According to the Ministry of Education, the decision to postpone the dates for the National Grade Six Assessment (NGSA) was made so as to “give teachers sufficient time to complete the Grade 6 curriculum and give students additional time within which to prepare for the Assessment.”
On Sunday, Stabroek News reported that the 2016 NGSA will be written on April 27 and April 28, a month after the traditional time for the annual sitting.
The NGSA has in the past been written on the Monday and Tuesday after school closes for the Easter Holidays. The new term, which will begin on January 3, 2015 will last for 11 weeks, therefore it was expected that school would officially be closed on March 18, 2016 and the examination written on March 21 and 22.

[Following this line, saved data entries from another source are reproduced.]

text \<open>A realization of the Pure Greedy Algorithm: r k is the residual f_k = f - G_k(f,D);
  at each step any maximizer g of inner (r k) over D may be chosen.\<close>
definition pga_realization :: "'a::real_inner set \<Rightarrow> 'a \<Rightarrow> (nat \<Rightarrow> 'a) \<Rightarrow> bool" where
  "pga_realization D f r \<longleftrightarrow> r 0 = f \<and>
     (\<forall>k. \<exists>g\<in>D. (\<forall>h\<in>D. inner (r k) h \<le> inner (r k) g) \<and>
                 r (Suc k) = r k - scaleR (inner (r k) g) g)"

definition gamma_pga :: "nat \<Rightarrow> real \<Rightarrow> 'a::real_inner itself \<Rightarrow> ereal" where
  "gamma_pga m \<alpha> _ =
     (SUP x \<in> {(D :: 'a set, f :: 'a, r :: nat \<Rightarrow> 'a).
                 dictionary D \<and> f \<noteq> 0 \<and> A1_scales D f \<noteq> {} \<and> pga_realization D f r}.
        (case x of (D, f, r) \<Rightarrow>
          ereal (norm (r m) / (norm f powr (1 - \<alpha>) * A1_norm D f powr \<alpha>))))"

end

theory Submission
  imports Defs
begin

In a press release the ministry inferred that this decision is a response to requests from teachers who “for some time now…have been advocating for additional time to be granted” for completion of the curriculum.
The one-month extension also follows the fixing of March 18 as the date for local government elections. Since schools are used as polling stations there would have been disruptions to the exams if they were held at the usual time.

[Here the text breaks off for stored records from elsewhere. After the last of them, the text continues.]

lemma continuous_on_c0_semigroup_orbit:
  assumes c0: "c0_semigroup T"
  shows "continuous_on {0..} (\<lambda>t. T t x)"
  unfolding continuous_on_iff
proof (intro ballI allI impI)
  fix t e :: real assume t: "t \<in> {0..}" and e: "0 < e"
  obtain K where K: "K \<ge> 1" "\<And>s. 0 \<le> s \<Longrightarrow> s \<le> t + 1 \<Longrightarrow> norm (T s) \<le> K"
    using c0_semigroup_bounded_on_interval[OF c0] by blast
  obtain d where d: "d > 0" "\<And>h. 0 \<le> h \<Longrightarrow> h < d \<Longrightarrow> norm (T h x - x) < e / K"
    using c0_semigroup_near_identity[OF c0, of "e / K"] e K by auto
  have close: "norm (T b x - T a x) < e" if "0 \<le> a" "a \<le> b" "b - a < d" "a \<le> t + 1" for a b
  proof -
    have "T b x - T a x = T a (T (b - a) x - x)"
      using c0_semigroup_add_apply[OF c0, of a "b - a" x] that by (simp add: blinfun.diff_right)
    also have "norm \<dots> \<le> K * norm (T (b - a) x - x)"
      using K that norm_blinfun[of "T a"] by (meson mult_right_mono norm_ge_zero order_trans)
    also have "\<dots> < K * (e / K)"
      using d that K by (intro mult_strict_left_mono) auto
    finally show ?thesis
      using K by simp
  qed
  show "\<exists>d>0. \<forall>s\<in>{0..}. dist s t < d \<longrightarrow> dist (T s x) (T t x) < e"
  proof (intro exI[of _ "min d 1"] conjI ballI impI)
    fix s :: real assume s: "s \<in> {0..}" "dist s t < min d 1"
    show "dist (T s x) (T t x) < e"
      using close[of t s] close[of s t] s t
      by (cases "t \<le> s") (auto simp: dist_norm norm_minus_commute)
  qed (use d in auto)
qed

lemma class_K_mono: "class_K \<gamma> \<Longrightarrow> 0 \<le> r \<Longrightarrow> r \<le> s \<Longrightarrow> \<gamma> r \<le> \<gamma> s"
  unfolding class_K_def by (auto intro: strict_mono_on_leD)

lemma class_K_pos: "class_K \<gamma> \<Longrightarrow> 0 < r \<Longrightarrow> 0 < \<gamma> r"
  unfolding class_K_def by (metis atLeast_iff order_refl less_imp_le strict_mono_onD)

lemma class_K_linear: "0 < c \<Longrightarrow> class_K (\<lambda>r. c * r)"
  unfolding class_K_def by (auto intro!: continuous_intros strict_mono_onI)

lemma class_Kinf_linear: "0 < c \<Longrightarrow> class_Kinf (\<lambda>r. c * r)"
  unfolding class_Kinf_def
proof (intro conjI class_K_linear notI)
  assume "0 < c" "bounded ((\<lambda>r. c * r) ` {0..})"
  then obtain B where "\<And>r. 0 \<le> r \<Longrightarrow> \<bar>c * r\<bar> \<le> B"
    by (auto simp: bounded_iff)
  from this[of "(\<bar>B\<bar> + 1) / c"] \<open>0 < c\<close> show False
    by simp
qed

lemma exp_stable_imp_UGAS:
  assumes "exp_stable T"
  shows "UGAS T"
proof -
  obtain M l where M: "M > 0" "l > 0" "\<And>t. t \<ge> 0 \<Longrightarrow> norm (T t) \<le> M * exp (- l * t)"
    using assms unfolding exp_stable_def by blast
  define \<beta> where "\<beta> r t = M * exp (- l * t) * r" for r t
  have "class_KL \<beta>"
    unfolding class_KL_def
  proof (intro conjI allI impI)
    show "continuous_on ({0..} \<times> {0..}) (\<lambda>(r, t). \<beta> r t)"
      unfolding \<beta>_def split_def by (intro continuous_intros)
    show "class_K (\<lambda>r. \<beta> r t)" for t
      unfolding \<beta>_def using M by (intro class_K_linear) simp
    fix r :: real assume "r > 0"
    then show "strict_antimono_on {0..} (\<beta> r)"
      using M by (intro monotone_onI) (simp add: \<beta>_def)
    show "(\<beta> r \<longlongrightarrow> 0) at_top"
      unfolding \<beta>_def using M by real_asymp
  qed
  moreover have "norm (T t x) \<le> \<beta> (norm x) t" if "t \<ge> 0" for x t
    using norm_blinfun[of "T t" x] M(3)[OF that] unfolding \<beta>_def
    by (meson mult_right_mono norm_ge_zero order_trans)
  ultimately show ?thesis
    unfolding UGAS_def by blast
qed

lemma UGAS_imp_unif_glob_attractive:
  assumes "UGAS T"
  shows "unif_glob_attractive T"
  unfolding unif_glob_attractive_def
proof (intro allI impI)
  fix r e :: real assume "r > 0" "e > 0"
  obtain \<beta> where KL: "class_KL \<beta>" and \<beta>: "\<And>x t. t \<ge> 0 \<Longrightarrow> norm (T t x) \<le> \<beta> (norm x) t"
    using assms unfolding UGAS_def by blast
  have "\<forall>\<^sub>F t in at_top. \<beta> r t < e"
    using KL \<open>r > 0\<close> \<open>e > 0\<close> unfolding class_KL_def by (metis order_tendstoD(2))
  then obtain N where N: "\<And>t. t \<ge> N \<Longrightarrow> \<beta> r t < e"
    by (auto simp: eventually_at_top_linorder)
  have "norm (T t x) \<le> e" if "norm x \<le> r" "max N 0 \<le> t" for x t
  proof -
    have "class_K (\<lambda>r. \<beta> r t)"
      using KL that unfolding class_KL_def by simp
    from class_K_mono[OF this norm_ge_zero] that
    have "\<beta> (norm x) t \<le> \<beta> r t"
      by simp
    then show ?thesis
      using \<beta>[of t x] N[of t] that by simp
  qed
  then show "\<exists>\<tau>\<ge>0. \<forall>x t. norm x \<le> r \<longrightarrow> \<tau> \<le> t \<longrightarrow> norm (T t x) \<le> e"
    by (intro exI[of _ "max N 0"]) auto
qed

lemma unif_glob_attractive_imp_weakly_attractive:
  assumes "unif_glob_attractive T"
  shows "unif_glob_weakly_attractive T"
  unfolding unif_glob_weakly_attractive_def
proof (intro allI impI)
  fix e r :: real assume "e > 0" "r > 0"
  then obtain \<tau> where "\<tau> \<ge> 0" "\<And>x t. norm x \<le> r \<Longrightarrow> \<tau> \<le> t \<Longrightarrow> norm (T t x) \<le> e"
    using assms unfolding unif_glob_attractive_def by blast
  then show "\<exists>\<tau>\<ge>0. \<forall>x. norm x \<le> r \<longrightarrow> (\<exists>t. 0 \<le> t \<and> t \<le> \<tau> \<and> norm (T t x) \<le> e)"
    by (intro exI[of _ \<tau>]) auto
qed

lemma unif_glob_weakly_attractive_relative:
  assumes "unif_glob_weakly_attractive T" "e > 0"
  obtains \<tau> where "\<tau> \<ge> 0" "\<And>x. \<exists>t. 0 \<le> t \<and> t \<le> \<tau> \<and> norm (T t x) \<le> e * norm x"
proof -
  obtain \<tau> where \<tau>: "\<tau> \<ge> 0" "\<And>y. norm y \<le> 1 \<Longrightarrow> \<exists>t. 0 \<le> t \<and> t \<le> \<tau> \<and> norm (T t y) \<le> e"
    using assms unfolding unif_glob_weakly_attractive_def by (meson zero_less_one)
  have "\<exists>t. 0 \<le> t \<and> t \<le> \<tau> \<and> norm (T t x) \<le> e * norm x" for x
  proof (cases "x = 0")
    case True
    then show ?thesis
      using \<tau>(1) by auto
  next
    case False
    then obtain t where t: "0 \<le> t" "t \<le> \<tau>" "norm (T t (x /\<^sub>R norm x)) \<le> e"
      using \<tau>(2)[of "x /\<^sub>R norm x"] by auto
    have "norm (T t x) = norm x * norm (T t (x /\<^sub>R norm x))"
      using False by (simp add: blinfun.scaleR_right)
    also have "\<dots> \<le> e * norm x"
      using t(3) by (metis mult.commute mult_left_mono norm_ge_zero)
    finally show ?thesis
      using t by blast
  qed
  then show ?thesis
    using \<tau>(1) that by blast
qed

The Ministry’s release also reminded the public that “with immediate effect, the weighting previously attributed to the grades Two and Four Assessments will stop” these assessments will now be used “strictly for diagnostic purposes, as was initially intended.”

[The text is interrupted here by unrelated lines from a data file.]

lemma abs_le_of_divisor_sum_bound:
  fixes f g :: "nat \<Rightarrow> real"
  assumes f: "\<And>n. n \<ge> 1 \<Longrightarrow> f n = (\<Sum>d | d dvd n. g d)" and a: "a > 0"
    and f_le: "\<And>n. n \<ge> 1 \<Longrightarrow> \<bar>f n\<bar> \<le> C * real n powr a" and n: "n \<ge> 1"
  shows "\<bar>g n\<bar> \<le> 2 ^ nat \<lceil>2 powr (1/a)\<rceil> * C * real n powr (2*a)"
proof -
  have C: "0 \<le> C"
    using f_le[of 1] by simp
  have "\<bar>g n\<bar> = \<bar>\<Sum>S\<in>Pow (prime_factors n). (-1)^card S * f (n div \<Prod>S)\<bar>"
    by (rule arg_cong[where f=abs, OF divisor_sum_inversion[OF f n]])
  also have "\<dots> \<le> (\<Sum>S\<in>Pow (prime_factors n). \<bar>(-1)^card S * f (n div \<Prod>S)\<bar>)"
    by (rule sum_abs)
  also have "\<dots> \<le> (\<Sum>S\<in>Pow (prime_factors n). C * real n powr a)"
  proof (rule sum_mono)
    fix S assume S: "S \<in> Pow (prime_factors n)"
    have "\<Prod>S dvd n"
      using prod_dvd_iff_subset_prime_factors[of "prime_factors n" S n] S n
      by (auto simp: in_prime_factors_iff)
    hence k: "n div \<Prod>S \<ge> 1" "n div \<Prod>S \<le> n"
      using n by (auto simp: Suc_le_eq dvd_div_eq_0_iff div_greater_zero_iff dvd_imp_le)
    have "\<bar>(-1)^card S * f (n div \<Prod>S)\<bar> = \<bar>f (n div \<Prod>S)\<bar>"
      by (simp add: abs_mult)
    also have "\<dots> \<le> C * real (n div \<Prod>S) powr a"
      by (rule f_le[OF k(1)])
    also have "\<dots> \<le> C * real n powr a"
      using k a C by (intro mult_left_mono powr_mono2) auto
    finally show "\<bar>(-1)^card S * f (n div \<Prod>S)\<bar> \<le> C * real n powr a" .
  qed
  also have "\<dots> = 2 ^ card (prime_factors n) * (C * real n powr a)"
    by (simp add: card_Pow)
  also have "\<dots> \<le> (2 ^ nat \<lceil>2 powr (1/a)\<rceil> * real n powr a) * (C * real n powr a)"
    using two_power_card_prime_factors_le[OF n a] C by (intro mult_right_mono) auto
  also have "\<dots> = 2 ^ nat \<lceil>2 powr (1/a)\<rceil> * C * real n powr (2*a)"
    by (simp add: powr_add[symmetric] mult_2 ac_simps)
  finally show ?thesis .
qed

lemma abs_le_of_ess_bounded_divisor_sum:
  fixes f g :: "nat \<Rightarrow> real"
  assumes f: "\<forall>n\<ge>1. f n = (\<Sum>d | d dvd n. g d)" and "ess_bounded_by C f" and a: "a > 0"
    and d: "1 \<le> d" "d \<le> Q"
  shows "\<bar>g d\<bar> \<le> 2 ^ nat \<lceil>2 powr (1/a)\<rceil> * \<bar>C a\<bar> * real Q powr (2*a)"
proof -
  have "\<bar>g d\<bar> \<le> 2 ^ nat \<lceil>2 powr (1/a)\<rceil> * C a * real d powr (2*a)"
    using assms by (intro abs_le_of_divisor_sum_bound[where f=f]) (auto simp: ess_bounded_by_def)
  also have "\<dots> \<le> 2 ^ nat \<lceil>2 powr (1/a)\<rceil> * \<bar>C a\<bar> * real Q powr (2*a)"
  proof -
    have "C a * real d powr (2*a) \<le> \<bar>C a\<bar> * real Q powr (2*a)"
      using d a by (intro mult_mono powr_mono2) auto
    thus ?thesis
      by (simp add: mult.assoc)
  qed
  finally show ?thesis .
qed

section \<open>From the integrals to sums over windows\<close>

lemma integral_step_function:
  fixes F :: "real \<Rightarrow> real" and V :: "nat \<Rightarrow> real"
  assumes FV: "\<And>k x. N \<le> k \<Longrightarrow> k < 2*N \<Longrightarrow> real k < x \<Longrightarrow> x < real k + 1 \<Longrightarrow> F x = V k"
  shows "integral {real N..2 * real N} F = (\<Sum>k\<in>{N..<2*N}. V k)"
proof -
  have "j \<le> N \<Longrightarrow> (F has_integral (\<Sum>k\<in>{N..<N+j}. V k)) {real N..real N + real j}" for j
  proof (induction j)
    case 0
    have "{real N..real N + real 0} = {real N}" by simp
    thus ?case using has_integral_refl(2)[of F "real N"] by simp
  next
    case (Suc j)
    hence IH: "(F has_integral (\<Sum>k\<in>{N..<N+j}. V k)) {real N..real N + real j}" by simp
    have piece: "(F has_integral V (N+j)) {real N + real j..real N + real (Suc j)}"
    proof (rule has_integral_spike[of "{real N + real j, real N + real (Suc j)}"])
      show "negligible {real N + real j, real N + real (Suc j)}" by (rule negligible_finite) simp
      fix x assume x: "x \<in> {real N + real j..real N + real (Suc j)} - {real N + real j, real N + real (Suc j)}"
      show "F x = V (N+j)" using x Suc.prems by (intro FV) auto
    next
      show "((\<lambda>x. V (N+j)) has_integral V (N+j)) {real N + real j..real N + real (Suc j)}"
        using has_integral_const_real[of "V (N+j)" "real N + real j" "real N + real (Suc j)"] by simp
    qed
    have "(F has_integral (\<Sum>k\<in>{N..<N+j}. V k) + V (N+j)) {real N..real N + real (Suc j)}"
      by (rule has_integral_combine[OF _ _ IH piece]) auto
    thus ?case by simp
  qed
  from this[of N] have "(F has_integral (\<Sum>k\<in>{N..<N+N}. V k)) {real N..real N + real N}" by simp
  moreover have "real N + real N = 2 * real N" "N + N = 2 * N" by simp_all
  ultimately show ?thesis by (simp add: integral_unique)
qed
lemma add_mt_distrib:
  assumes "x \<in> car L" "y \<in> car L" "z \<in> car L"
  shows "x \<oplus> (y \<curlywedge> z) = (x \<oplus> y) \<curlywedge> (x \<oplus> z)"
proof (rule ale_antisym)
  show "x \<oplus> (y \<curlywedge> z) \<preceq> (x \<oplus> y) \<curlywedge> (x \<oplus> z)"
    using assms by (simp add: mt_greatest add_left_mono mt_le1 mt_le2)
  have "neg L x \<oplus> ((x \<oplus> y) \<curlywedge> (x \<oplus> z)) \<preceq> y \<curlywedge> z"
    using assms by (simp add: mt_greatest ale_add_left_iff[symmetric] mt_le1 mt_le2)
  then show "(x \<oplus> y) \<curlywedge> (x \<oplus> z) \<preceq> x \<oplus> (y \<curlywedge> z)"
    using assms by (simp add: ale_add_left_iff)
qed (use assms in auto)

lemma mt_add_distrib:
  "x \<in> car L \<Longrightarrow> y \<in> car L \<Longrightarrow> z \<in> car L \<Longrightarrow> (y \<curlywedge> z) \<oplus> x = (y \<oplus> x) \<curlywedge> (z \<oplus> x)"
  by (simp add: add_commute[of _ x] add_mt_distrib)

lemma jn_add_mt: assumes "a \<in> car L" "b \<in> car L" shows "(a \<curlyvee> b) \<oplus> (a \<curlywedge> b) = a \<oplus> b"
proof -
  have "a \<oplus> b \<oplus> neg L (a \<curlyvee> b) = (a \<oplus> b \<oplus> neg L a) \<curlywedge> (a \<oplus> b \<oplus> neg L b)"
    using assms by (simp add: neg_jn add_mt_distrib)
  also have "\<dots> = a \<curlywedge> b"
  proof -
    have "a \<oplus> b \<oplus> neg L a = b" "a \<oplus> b \<oplus> neg L b = a"
      using assms by (simp_all add: add_commute[of a] add_assoc)
    then show ?thesis using assms by (simp add: mt_commute)
  qed
  finally have "a \<curlywedge> b = a \<oplus> b \<oplus> neg L (a \<curlyvee> b)" ..
  then show ?thesis using assms by (simp add: add_commute[of "a \<curlyvee> b"] add_assoc)
qed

This decision was first communicated with teachers in a circular dated October 26, 2015. The circular amends the weighting previously announced in 2007.
As of that year, students who had written the Grade two assessment in 2003 and the grade four assessment in 2005 were awarded places at secondary schools based on a weighting of their scores at all three “assessments”. The grade two assessment was responsible for 5% of their final score, the grade four 10% while the grade six assessment was responsible for 85%.
In an invited comment after the issuing of the release, Chief Education Officer Olato Sam had explained to Stabroek News that the ministry has continuously received representation for students who were absent for the grade two and four assessments and felt that the evaluation and placement they received from the ministry was unfavourable.
These concerns he noted have led the ministry to return the assessment to their original purpose that of informing the planning necessary to overcome weaknesses pupils may have.
In its most recent release the Ministry urged “schools to put necessary systems in place for the results of these assessments to be the basis of strategic intervention aimed at overcoming identified weaknesses of pupils.”